[[ DATA RECORDS, beginning ]]
lemma convolution_recurrence_eq_prod:
  fixes f c :: "nat \<Rightarrow> 'a::field"
  assumes "f 0 = 1" and rec: "\<And>k. 1 \<le> k \<Longrightarrow> f k = c k * (\<Sum>j<k. r ^ (k - 1 - j) * f j)"
    and "1 \<le> k"
  shows "(\<Sum>j<k. r ^ (k - 1 - j) * f j) = (\<Prod>i\<in>{1..<k}. r + c i)"
  using \<open>1 \<le> k\<close>
proof (induction k rule: dec_induct)
  case (step k)
  let ?S = "\<Sum>j<k. r ^ (k - 1 - j) * f j"
  have "(\<Sum>j<k. r ^ (Suc k - 1 - j) * f j) = r * ?S"
    unfolding sum_distrib_left
  proof (rule sum.cong)
    fix j assume "j \<in> {..<k}"
    then have "Suc k - 1 - j = Suc (k - 1 - j)" by auto
    then show "r ^ (Suc k - 1 - j) * f j = r * (r ^ (k - 1 - j) * f j)" by simp
  qed simp
  then have "(\<Sum>j<Suc k. r ^ (Suc k - 1 - j) * f j) = r * ?S + c k * ?S"
    using rec[OF step.hyps(1)] by simp
  also have "\<dots> = ?S * (r + c k)"
    by (simp add: algebra_simps)
  finally show ?case
    using step by (simp add: prod.atLeastLessThan_Suc)
qed (simp add: assms(1))

locale added_cell =
  fixes lam nu :: "nat list" and x y :: nat
  assumes partition: "is_partition lam"
    and in_U: "in_U lam nu"
    and added: "cells nu - cells lam = {(x, y)}"
begin

lemma cells_nu: "cells nu = insert (x, y) (cells lam)"
  and not_in_cells_lam: "(x, y) \<notin> cells lam"
  using added in_U by (auto simp: in_U_def)

lemma x_pos: "1 \<le> x" and y_pos: "1 \<le> y" and x_le_row_nu: "x \<le> row nu y"
  using cells_nu by (auto simp: cells_def)

lemma row_cells_lam: "{x'. (x', y) \<in> cells lam} = {1..<x}"
proof -
  have "row lam y < x"
    using not_in_cells_lam x_pos y_pos by (simp add: cells_def)
  moreover have "(x', y) \<in> cells lam" if "1 \<le> x'" "x' < x" for x'
    using that x_le_row_nu y_pos cells_nu by (auto simp: cells_def)
  ultimately show ?thesis by (auto simp: cells_def)
qed

lemma column_cells_lam: "{y'. (x, y') \<in> cells lam} = {1..<y}"
proof -
  have "row lam y' < x" if "y \<le> y'" for y'
    using row_antimono[OF partition y_pos that] not_in_cells_lam x_pos y_pos
    by (simp add: cells_def)
  moreover have "(x, y') \<in> cells lam" if "1 \<le> y'" "y' < y" for y'
  proof -
    have "row nu y \<le> row nu y'"
      using in_U that by (intro row_antimono) (auto simp: in_U_def)
    then show ?thesis
      using that x_pos x_le_row_nu cells_nu by (auto simp: cells_def)
  qed
  ultimately show ?thesis
    by (auto simp: cells_def not_le[symmetric])
qed

lemma row_lam: "row lam y = x - 1"
  using card_row_cells[OF y_pos, of lam] by (simp add: row_cells_lam)

lemma conj_lam: "conj lam x = y - 1"
  using card_column_cells[OF x_pos, of lam] by (simp add: column_cells_lam)

lemma row_nu:
  assumes "1 \<le> y'"
  shows "row nu y' = (if y' = y then x else row lam y')"
proof (cases "y' = y")
  case True
  then have "{x'. (x', y') \<in> cells nu} = insert x {1..<x}"
    using cells_nu row_cells_lam by auto
  then show ?thesis
    using card_row_cells[OF assms, of nu] True x_pos by simp
next
  case False
  then have "{x'. (x', y') \<in> cells nu} = {x'. (x', y') \<in> cells lam}"
    using cells_nu by auto
  then show ?thesis
    using card_row_cells[OF assms] False by metis
qed

lemma conj_nu:
  assumes "1 \<le> x'"
  shows "conj nu x' = (if x' = x then y else conj lam x')"
proof (cases "x' = x")
  case True
  then have "{y'. (x', y') \<in> cells nu} = insert y {1..<y}"
    using cells_nu column_cells_lam by auto
  then show ?thesis
    using card_column_cells[OF assms, of nu] True y_pos by simp
next
  case False
  then have "{y'. (x', y') \<in> cells nu} = {y'. (x', y') \<in> cells lam}"
    using cells_nu by auto
  then show ?thesis
    using card_column_cells[OF assms] False by metis
qed

lemma arm_lam_right: "arm lam (x + k, y) = (\<lambda>i. (x + i, y)) ` {..<k}"
proof -
  have "{x - 1<..<x + k} = (+) x ` {0..<k}"
    using x_pos by auto
  then show ?thesis
    by (simp add: arm_eq row_lam image_image atLeast0LessThan)
qed

lemma leg_lam_above: "leg lam (x, y + k) = (\<lambda>j. (x, y + j)) ` {..<k}"
proof -
  have "{y - 1<..<y + k} = (+) y ` {0..<k}"
    using y_pos by auto
  then show ?thesis
    by (simp add: leg_eq conj_lam image_image atLeast0LessThan)
qed

lemma armlen_lam_right: "armlen lam (x + k, y) = k"
  and armlen_nu_right: "armlen nu (x + k, y) = k - 1"
  using x_pos y_pos by (simp_all add: armlen_eq row_lam row_nu)

lemma leglen_lam_above: "leglen lam (x, y + k) = k"
  and leglen_nu_above: "leglen nu (x, y + k) = k - 1"
  using x_pos y_pos by (simp_all add: leglen_eq conj_lam conj_nu)

lemma leglen_nu_right: "1 \<le> k \<Longrightarrow> leglen nu (x + k, y) = leglen lam (x + k, y)"
  using x_pos by (simp add: leglen_eq conj_nu)

lemma armlen_nu_above: "1 \<le> k \<Longrightarrow> armlen nu (x, y + k) = armlen lam (x, y + k)"
  using y_pos by (simp add: armlen_eq row_nu)

lemma hook_walk_added_cell: "hook_walk lam q t (x, y) (x, y) = 1"
  using armlen_lam_right[of 0] leglen_lam_above[of 0] by (simp add: hook_walk_outer_corner)

lemma hook_walk_from_right_rec:
  fixes q t :: "'a::field"
  assumes "1 \<le> k"
  defines "l \<equiv> leglen lam (x + k, y)"
  shows "hook_walk lam q t (x + k, y) (x, y)
    = t ^ l * (1 - q) / (1 - q ^ k * t ^ l) * (\<Sum>j<k. q ^ j * hook_walk lam q t (x + j, y) (x, y))"
proof -
  have "hook_walk lam q t (x + k, y) (x, y)
      = (\<Sum>j<k. trans_prob lam q t (x + k, y) (x + j, y) * hook_walk lam q t (x + j, y) (x, y))"
    using assms(1) armlen_lam_right[of k]
    by (simp add: hook_walk_along_row arm_lam_right sum.reindex inj_on_def)
  also have "\<dots> = (\<Sum>j<k. t ^ l * (1 - q) / (1 - q ^ k * t ^ l)
                          * (q ^ j * hook_walk lam q t (x + j, y) (x, y)))"
    by (intro sum.cong) (auto simp: trans_prob_def armlen_lam_right l_def Let_def)
  finally show ?thesis
    by (simp add: sum_distrib_left)
qed

lemma hook_walk_from_above_rec:
  fixes q t :: "'a::field"
  assumes "1 \<le> k"
  defines "a \<equiv> armlen lam (x, y + k)"
  shows "hook_walk lam q t (x, y + k) (x, y)
    = (1 - t) / (1 - q ^ a * t ^ k) * (\<Sum>j<k. t ^ (k - 1 - j) * hook_walk lam q t (x, y + j) (x, y))"
proof -
  have "hook_walk lam q t (x, y + k) (x, y)
      = (\<Sum>j<k. trans_prob lam q t (x, y + k) (x, y + j) * hook_walk lam q t (x, y + j) (x, y))"
    using assms(1) leglen_lam_above[of k]
    by (simp add: hook_walk_along_column leg_lam_above sum.reindex inj_on_def)
  also have "\<dots> = (\<Sum>j<k. (1 - t) / (1 - q ^ a * t ^ k)
                          * (t ^ (k - 1 - j) * hook_walk lam q t (x, y + j) (x, y)))"
    by (intro sum.cong) (auto simp: trans_prob_def leglen_lam_above a_def Let_def)
  finally show ?thesis
    by (simp add: sum_distrib_left)
qed

theorem hook_walk_from_right:
  fixes q t :: "'a::field"
  assumes "1 \<le> u" and nondegenerate: "\<And>a l. 1 \<le> a \<Longrightarrow> q ^ a * t ^ l \<noteq> 1"
  shows "hook_walk lam q t (x + u, y) (x, y) =
           t ^ leglen lam (x + u, y) * (1 - q)
             / (1 - q ^ (armlen nu (x + u, y) + 1) * t ^ leglen nu (x + u, y))
           * (\<Prod>c'\<in>arm lam (x + u, y) - {(x, y)}.
                (1 - q ^ (armlen lam c' + 1) * t ^ leglen lam c')
                / (1 - q ^ (armlen nu c' + 1) * t ^ leglen nu c'))"
proof -
  define P where "P k = hook_walk lam q t (x + k, y) (x, y)" for k
  define L where "L k = leglen lam (x + k, y)" for k
  define ratio where "ratio i = (1 - q ^ (i + 1) * t ^ L i) / (1 - q ^ i * t ^ L i)" for i
  have "hook_walk lam q t (x + u, y) (x, y)
      = t ^ L u * (1 - q) / (1 - q ^ u * t ^ L u) * (\<Sum>j<u. q ^ j * P j)"
    unfolding P_def L_def by (rule hook_walk_from_right_rec[OF assms(1)])
  also have "(\<Sum>j<u. q ^ j * P j) = (\<Prod>i\<in>{1..<u}. 1 + q ^ i * (t ^ L i * (1 - q) / (1 - q ^ i * t ^ L i)))"
    using assms(1) hook_walk_added_cell hook_walk_from_right_rec
    by (intro geometric_sum_recurrence_eq_prod) (simp_all add: P_def L_def)
  also have "\<dots> = (\<Prod>i\<in>{1..<u}. ratio i)"
  proof (intro prod.cong)
    fix i assume "i \<in> {1..<u}"
    then have "1 - q ^ i * t ^ L i \<noteq> 0"
      using nondegenerate[of i "L i"] by auto
    then show "1 + q ^ i * (t ^ L i * (1 - q) / (1 - q ^ i * t ^ L i)) = ratio i"
      by (simp add: ratio_def field_simps)
  qed simp
  also have "\<dots> = (\<Prod>c'\<in>arm lam (x + u, y) - {(x, y)}.
                (1 - q ^ (armlen lam c' + 1) * t ^ leglen lam c')
                / (1 - q ^ (armlen nu c' + 1) * t ^ leglen nu c'))"
  proof (rule sym, rule prod.reindex_cong)
    show "inj_on (\<lambda>i. (x + i, y)) {1..<u}"
      by (simp add: inj_on_def)
    show "arm lam (x + u, y) - {(x, y)} = (\<lambda>i. (x + i, y)) ` {1..<u}"
      by (auto simp: arm_lam_right)
    fix i assume "i \<in> {1..<u}"
    then have nu_lengths: "armlen nu (x + i, y) + 1 = i" "leglen nu (x + i, y) = L i"
      by (simp_all add: armlen_nu_right leglen_nu_right L_def)
    show "(1 - q ^ (armlen lam (x + i, y) + 1) * t ^ leglen lam (x + i, y))
        / (1 - q ^ (armlen nu (x + i, y) + 1) * t ^ leglen nu (x + i, y)) = ratio i"
      unfolding nu_lengths armlen_lam_right ratio_def L_def by (rule refl)
  qed
  finally show ?thesis
    using assms(1) by (simp add: L_def armlen_nu_right leglen_nu_right)
qed
lemma local_extrema_cong:
  assumes "r > 0" "\<And>y. \<bar>y - x\<bar> < r \<Longrightarrow> f y = g y"
  shows "x \<in> local_minima f \<longleftrightarrow> x \<in> local_minima g" "x \<in> local_maxima f \<longleftrightarrow> x \<in> local_maxima g"
  using local_minima_cong[of r x f g] local_minima_cong[of r x g f]
    local_minima_cong[of r x "\<lambda>x. - f x" "\<lambda>x. - g x"] local_minima_cong[of r x "\<lambda>x. - g x" "\<lambda>x. - f x"]
    assms unfolding local_maxima_uminus by auto

definition rises_to :: "(real \<Rightarrow> real) \<Rightarrow> real \<Rightarrow> bool" where
  "rises_to g c \<longleftrightarrow> (\<exists>\<delta>>0. slope_on g 1 {c-\<delta>..c})"

lemma rises_to_iff_slope:
  assumes "\<delta> > 0" "slope_on g s {c-\<delta>..c}"
  shows "rises_to g c \<longleftrightarrow> s = 1"
proof
  assume "rises_to g c"
  then obtain \<delta>' where "\<delta>' > 0" "slope_on g 1 {c-\<delta>'..c}" unfolding rises_to_def by blast
  moreover have "{c - min \<delta> \<delta>'..c} \<subseteq> {c-\<delta>..c}" "{c - min \<delta> \<delta>'..c} \<subseteq> {c-\<delta>'..c}" by auto
  ultimately have "slope_on g s {c - min \<delta> \<delta>'..c}" "slope_on g 1 {c - min \<delta> \<delta>'..c}"
    using assms(2) slope_on_subset by blast+
  then show "s = 1" by (rule slope_on_unique[of _ _ _ _ "c - min \<delta> \<delta>'" c]) (use assms(1) \<open>\<delta>' > 0\<close> in auto)
qed (use assms in \<open>auto simp: rises_to_def\<close>)

lemma extrema_before_piece:
  assumes pieces: "unit_slope_pieces g T" and "t < c" and piece: "slope_on g s {t..c}"
  obtains s1 :: real where "s1 \<in> {-1, 1}" "rises_to g t \<longleftrightarrow> s1 = 1"
    "t \<in> local_minima g \<longleftrightarrow> s1 \<le> 0 \<and> 0 \<le> s" "t \<in> local_maxima g \<longleftrightarrow> 0 \<le> s1 \<and> s \<le> 0"
proof -
  obtain \<delta> s1 where "\<delta> > 0" "s1 \<in> {-1, 1}" and left: "slope_on g s1 {t-\<delta>..t}"
    using unit_slope_pieces_local[OF pieces] by metis
  obtain e where "0 < e" "e \<le> \<delta>" "e \<le> c - t"
    using \<open>\<delta> > 0\<close> \<open>t < c\<close> by (intro that[of "min \<delta> (c - t)"]) auto
  then have left': "slope_on g s1 {t-e..t}" and right: "slope_on g s {t..t+e}"
    using slope_on_subset[OF left] slope_on_subset[OF piece] by auto
  show thesis
    using that[OF \<open>s1 \<in> {-1, 1}\<close> rises_to_iff_slope[OF \<open>0 < e\<close> left']
        local_minima_iff_slopes[OF \<open>0 < e\<close> left' right] local_maxima_iff_slopes[OF \<open>0 < e\<close> left' right]] .
qed

lemma finite_breakpoints_induct [consumes 2, case_names gap step]:
  fixes T :: "real set"
  assumes "finite T" "a < c"
    and gap: "\<And>c. a < c \<Longrightarrow> {a<..<c} \<inter> T = {} \<Longrightarrow> P c"
    and step: "\<And>t c. a < t \<Longrightarrow> t < c \<Longrightarrow> t \<in> T \<Longrightarrow> {t<..<c} \<inter> T = {} \<Longrightarrow> P t \<Longrightarrow> P c"
  shows "P c"
proof -
  have "\<forall>c. a < c \<longrightarrow> card (T \<inter> {a<..<c}) = n \<longrightarrow> P c" for n
  proof (induction n)
    case 0
    then show ?case using gap \<open>finite T\<close> by auto
  next
    case (Suc n)
    show ?case
    proof (intro allI impI)
      fix c assume "a < c" and card: "card (T \<inter> {a<..<c}) = Suc n"
      have fin: "finite (T \<inter> {a<..<c})" using \<open>finite T\<close> by simp
      then have ne: "T \<inter> {a<..<c} \<noteq> {}" using card by auto
      define t where "t = Max (T \<inter> {a<..<c})"
      have t: "t \<in> T \<inter> {a<..<c}" unfolding t_def using fin ne by (rule Max_in)
      have above: "x \<le> t" if "x \<in> T \<inter> {a<..<c}" for x unfolding t_def using fin that by (rule Max_ge)
      have "T \<inter> {a<..<t} = T \<inter> {a<..<c} - {t}" using t above by force
      then have "card (T \<inter> {a<..<t}) = n" using card t fin by simp
      then have "P t" using Suc.IH t by auto
      moreover have "{t<..<c} \<inter> T = {}" using above t by force
      ultimately show "P c" using step t by auto
    qed
  qed
  then show ?thesis using \<open>a < c\<close> by blast
qed

section \<open>The rise integral\<close>

lemma has_integral_inverse_square:
  fixes a c w :: real
  assumes "a \<le> c" "c < w"
  shows "((\<lambda>u. 1 / (w - u)^2) has_integral (1 / (w - c) - 1 / (w - a))) {a..c}"
proof (rule fundamental_theorem_of_calculus[OF assms(1)])
  fix u assume "u \<in> {a..c}"
  then have "w - u \<noteq> 0" using assms by auto
  then have "((\<lambda>u. 1 / (w - u)) has_real_derivative 1 / (w - u)^2) (at u within {a..c})"
    by (auto intro!: derivative_eq_intros simp: power2_eq_square)
  then show "((\<lambda>u. 1 / (w - u)) has_vector_derivative 1 / (w - u)^2) (at u within {a..c})"
    by (simp add: has_real_derivative_iff_has_vector_derivative)
qed

lemma has_integral_inverse:
  fixes a c w :: real
  assumes "a \<le> c" "c < w"
  shows "((\<lambda>u. 1 / (w - u)) has_integral (ln (w - a) - ln (w - c))) {a..c}"
proof -
  have "((\<lambda>u. 1 / (w - u)) has_integral (- ln (w - c) - - ln (w - a))) {a..c}"
  proof (rule fundamental_theorem_of_calculus[OF assms(1)])
    fix u assume "u \<in> {a..c}"
    then have "w - u > 0" using assms by auto
    then have "((\<lambda>u. - ln (w - u)) has_real_derivative 1 / (w - u)) (at u within {a..c})"
      by (auto intro!: derivative_eq_intros simp: divide_simps)
    then show "((\<lambda>u. - ln (w - u)) has_vector_derivative 1 / (w - u)) (at u within {a..c})"
      by (simp add: has_real_derivative_iff_has_vector_derivative)
  qed
  then show ?thesis by simp
qed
[[ DATA RECORDS, end ]]
**TASK BRIEF**
Given the records above, restate word for word only the lines starting at the one with "nu (x + k, y) = k" and ending at the one with "nu (x, y + k) = k".

**ANSWER AREA**
  and armlen_nu_right: "armlen nu (x + k, y) = k - 1"
  using x_pos y_pos by (simp_all add: armlen_eq row_lam row_nu)

lemma leglen_lam_above: "leglen lam (x, y + k) = k"
  and leglen_nu_above: "leglen nu (x, y + k) = k - 1"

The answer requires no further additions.